[Dataset entries]
[Start of Attachment]

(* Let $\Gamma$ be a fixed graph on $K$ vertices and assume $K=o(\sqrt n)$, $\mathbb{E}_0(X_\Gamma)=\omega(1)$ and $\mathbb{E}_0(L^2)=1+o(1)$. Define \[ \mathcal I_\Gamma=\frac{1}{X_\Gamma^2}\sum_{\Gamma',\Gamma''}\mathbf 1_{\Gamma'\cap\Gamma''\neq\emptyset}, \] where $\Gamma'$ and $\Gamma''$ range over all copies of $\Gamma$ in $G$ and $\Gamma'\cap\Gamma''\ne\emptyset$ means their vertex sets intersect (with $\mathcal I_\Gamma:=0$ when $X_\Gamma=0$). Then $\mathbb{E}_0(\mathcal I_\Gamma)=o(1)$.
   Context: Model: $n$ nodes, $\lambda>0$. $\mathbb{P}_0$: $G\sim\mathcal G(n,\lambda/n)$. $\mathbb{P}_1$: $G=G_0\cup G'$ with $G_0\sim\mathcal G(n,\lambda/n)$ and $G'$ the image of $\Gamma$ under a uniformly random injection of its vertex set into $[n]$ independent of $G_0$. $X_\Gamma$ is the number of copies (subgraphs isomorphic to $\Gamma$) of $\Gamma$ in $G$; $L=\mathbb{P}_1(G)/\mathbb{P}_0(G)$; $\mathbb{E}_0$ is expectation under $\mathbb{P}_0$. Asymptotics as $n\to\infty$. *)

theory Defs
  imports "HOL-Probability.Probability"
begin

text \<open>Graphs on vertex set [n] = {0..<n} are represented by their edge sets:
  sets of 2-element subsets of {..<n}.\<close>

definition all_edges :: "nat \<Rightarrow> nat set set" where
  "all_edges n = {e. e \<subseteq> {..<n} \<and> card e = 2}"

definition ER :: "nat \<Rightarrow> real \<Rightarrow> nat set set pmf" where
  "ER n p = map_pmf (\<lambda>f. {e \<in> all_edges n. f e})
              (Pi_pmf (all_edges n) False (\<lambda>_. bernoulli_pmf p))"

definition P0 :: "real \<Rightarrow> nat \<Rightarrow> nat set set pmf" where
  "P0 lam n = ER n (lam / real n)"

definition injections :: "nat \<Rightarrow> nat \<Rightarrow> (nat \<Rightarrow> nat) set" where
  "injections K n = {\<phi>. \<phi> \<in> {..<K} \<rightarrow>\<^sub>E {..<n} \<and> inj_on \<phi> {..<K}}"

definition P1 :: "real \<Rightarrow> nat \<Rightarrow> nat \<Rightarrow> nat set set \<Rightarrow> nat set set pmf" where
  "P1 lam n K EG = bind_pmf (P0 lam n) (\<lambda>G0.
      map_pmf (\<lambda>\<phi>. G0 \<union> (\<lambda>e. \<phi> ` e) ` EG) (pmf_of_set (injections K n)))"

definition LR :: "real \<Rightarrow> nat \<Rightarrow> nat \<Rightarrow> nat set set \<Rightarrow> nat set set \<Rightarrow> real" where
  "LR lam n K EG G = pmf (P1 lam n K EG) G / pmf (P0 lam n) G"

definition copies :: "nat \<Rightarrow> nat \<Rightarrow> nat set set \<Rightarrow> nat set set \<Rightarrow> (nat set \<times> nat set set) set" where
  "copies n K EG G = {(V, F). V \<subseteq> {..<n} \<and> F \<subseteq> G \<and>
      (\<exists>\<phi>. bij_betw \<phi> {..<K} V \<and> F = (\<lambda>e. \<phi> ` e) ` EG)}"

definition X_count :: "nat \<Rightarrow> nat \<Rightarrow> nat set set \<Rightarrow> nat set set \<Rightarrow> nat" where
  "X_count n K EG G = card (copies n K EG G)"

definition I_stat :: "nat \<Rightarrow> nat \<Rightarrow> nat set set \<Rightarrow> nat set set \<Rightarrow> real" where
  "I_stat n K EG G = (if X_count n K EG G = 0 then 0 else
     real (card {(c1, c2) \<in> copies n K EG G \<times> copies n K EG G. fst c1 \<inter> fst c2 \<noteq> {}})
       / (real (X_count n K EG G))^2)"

[End of Attachment]
[Start of Attachment]

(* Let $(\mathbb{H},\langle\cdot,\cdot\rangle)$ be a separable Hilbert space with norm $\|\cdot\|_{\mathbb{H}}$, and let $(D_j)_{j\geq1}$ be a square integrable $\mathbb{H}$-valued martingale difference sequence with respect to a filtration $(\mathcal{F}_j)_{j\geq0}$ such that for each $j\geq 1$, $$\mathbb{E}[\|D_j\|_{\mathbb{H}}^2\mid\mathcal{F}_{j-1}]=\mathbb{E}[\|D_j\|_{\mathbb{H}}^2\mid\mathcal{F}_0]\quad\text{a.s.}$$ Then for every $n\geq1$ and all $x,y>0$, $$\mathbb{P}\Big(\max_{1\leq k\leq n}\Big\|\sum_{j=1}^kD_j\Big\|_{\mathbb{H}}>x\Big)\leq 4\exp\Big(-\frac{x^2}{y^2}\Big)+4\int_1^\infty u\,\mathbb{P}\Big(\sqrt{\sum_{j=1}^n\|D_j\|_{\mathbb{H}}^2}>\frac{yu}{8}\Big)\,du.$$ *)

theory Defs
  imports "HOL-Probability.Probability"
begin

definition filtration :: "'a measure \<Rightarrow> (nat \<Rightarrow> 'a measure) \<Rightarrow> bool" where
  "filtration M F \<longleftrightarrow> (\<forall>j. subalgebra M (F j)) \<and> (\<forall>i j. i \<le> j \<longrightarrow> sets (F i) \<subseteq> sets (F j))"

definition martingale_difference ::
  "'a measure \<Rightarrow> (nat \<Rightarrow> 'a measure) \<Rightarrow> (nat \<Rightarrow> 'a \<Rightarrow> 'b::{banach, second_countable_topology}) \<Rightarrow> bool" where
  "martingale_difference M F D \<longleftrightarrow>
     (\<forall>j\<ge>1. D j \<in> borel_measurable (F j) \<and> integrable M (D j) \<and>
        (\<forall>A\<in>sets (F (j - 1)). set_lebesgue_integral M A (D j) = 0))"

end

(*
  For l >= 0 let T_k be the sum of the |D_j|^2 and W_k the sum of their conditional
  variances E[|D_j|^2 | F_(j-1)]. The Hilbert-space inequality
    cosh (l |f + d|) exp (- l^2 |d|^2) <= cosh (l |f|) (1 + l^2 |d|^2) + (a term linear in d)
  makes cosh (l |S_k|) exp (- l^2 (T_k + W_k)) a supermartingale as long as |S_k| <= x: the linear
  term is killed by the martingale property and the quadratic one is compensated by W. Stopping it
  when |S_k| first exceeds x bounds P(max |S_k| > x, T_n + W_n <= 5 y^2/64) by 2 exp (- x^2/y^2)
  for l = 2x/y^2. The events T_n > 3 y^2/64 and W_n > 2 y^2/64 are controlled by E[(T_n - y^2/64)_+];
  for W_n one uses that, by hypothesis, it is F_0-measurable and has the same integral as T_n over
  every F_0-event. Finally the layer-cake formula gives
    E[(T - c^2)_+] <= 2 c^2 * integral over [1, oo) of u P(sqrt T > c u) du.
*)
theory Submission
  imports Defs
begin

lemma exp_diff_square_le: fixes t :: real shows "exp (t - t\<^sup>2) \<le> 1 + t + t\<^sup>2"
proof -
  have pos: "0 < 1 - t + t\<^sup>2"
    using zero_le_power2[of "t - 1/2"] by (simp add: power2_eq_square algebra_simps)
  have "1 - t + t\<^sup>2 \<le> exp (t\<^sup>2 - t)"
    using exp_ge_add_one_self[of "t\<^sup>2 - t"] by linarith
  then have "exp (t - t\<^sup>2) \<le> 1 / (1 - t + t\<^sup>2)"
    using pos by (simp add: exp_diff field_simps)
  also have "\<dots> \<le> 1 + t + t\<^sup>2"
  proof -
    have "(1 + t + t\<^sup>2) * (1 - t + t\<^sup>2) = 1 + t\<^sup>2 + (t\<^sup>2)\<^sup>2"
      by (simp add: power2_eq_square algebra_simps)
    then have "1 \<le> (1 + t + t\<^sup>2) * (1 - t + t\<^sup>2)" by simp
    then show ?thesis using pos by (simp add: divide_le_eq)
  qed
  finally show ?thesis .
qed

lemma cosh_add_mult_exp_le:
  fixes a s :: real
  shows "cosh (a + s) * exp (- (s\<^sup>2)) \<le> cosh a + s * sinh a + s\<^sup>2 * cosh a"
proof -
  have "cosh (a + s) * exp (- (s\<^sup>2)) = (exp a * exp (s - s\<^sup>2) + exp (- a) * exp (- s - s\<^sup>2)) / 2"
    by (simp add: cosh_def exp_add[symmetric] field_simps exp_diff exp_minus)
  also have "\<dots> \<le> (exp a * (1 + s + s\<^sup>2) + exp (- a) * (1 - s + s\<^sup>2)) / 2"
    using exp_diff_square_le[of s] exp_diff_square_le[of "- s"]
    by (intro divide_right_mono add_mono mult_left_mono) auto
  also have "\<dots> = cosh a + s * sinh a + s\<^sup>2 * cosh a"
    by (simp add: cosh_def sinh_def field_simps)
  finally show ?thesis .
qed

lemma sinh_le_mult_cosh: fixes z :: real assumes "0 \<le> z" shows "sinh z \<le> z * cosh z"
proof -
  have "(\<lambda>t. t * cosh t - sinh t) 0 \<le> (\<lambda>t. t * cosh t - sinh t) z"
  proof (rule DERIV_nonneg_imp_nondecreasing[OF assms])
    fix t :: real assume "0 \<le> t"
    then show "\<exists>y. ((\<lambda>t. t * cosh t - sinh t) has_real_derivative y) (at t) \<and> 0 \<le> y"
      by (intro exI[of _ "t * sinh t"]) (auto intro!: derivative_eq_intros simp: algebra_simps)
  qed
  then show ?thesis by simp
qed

[End of Attachment]

§ **Problem requirements**:
Which lines above run from the one containing "E[(T - c^2)_+] <= 2" to the one containing "t\<^sup>2 \<le> exp"? Give them again exactly, both ends included.

§ **Exercise output**:
    E[(T - c^2)_+] <= 2 c^2 * integral over [1, oo) of u P(sqrt T > c u) du.
*)
theory Submission
  imports Defs
begin

lemma exp_diff_square_le: fixes t :: real shows "exp (t - t\<^sup>2) \<le> 1 + t + t\<^sup>2"
proof -
  have pos: "0 < 1 - t + t\<^sup>2"
    using zero_le_power2[of "t - 1/2"] by (simp add: power2_eq_square algebra_simps)
  have "1 - t + t\<^sup>2 \<le> exp (t\<^sup>2 - t)"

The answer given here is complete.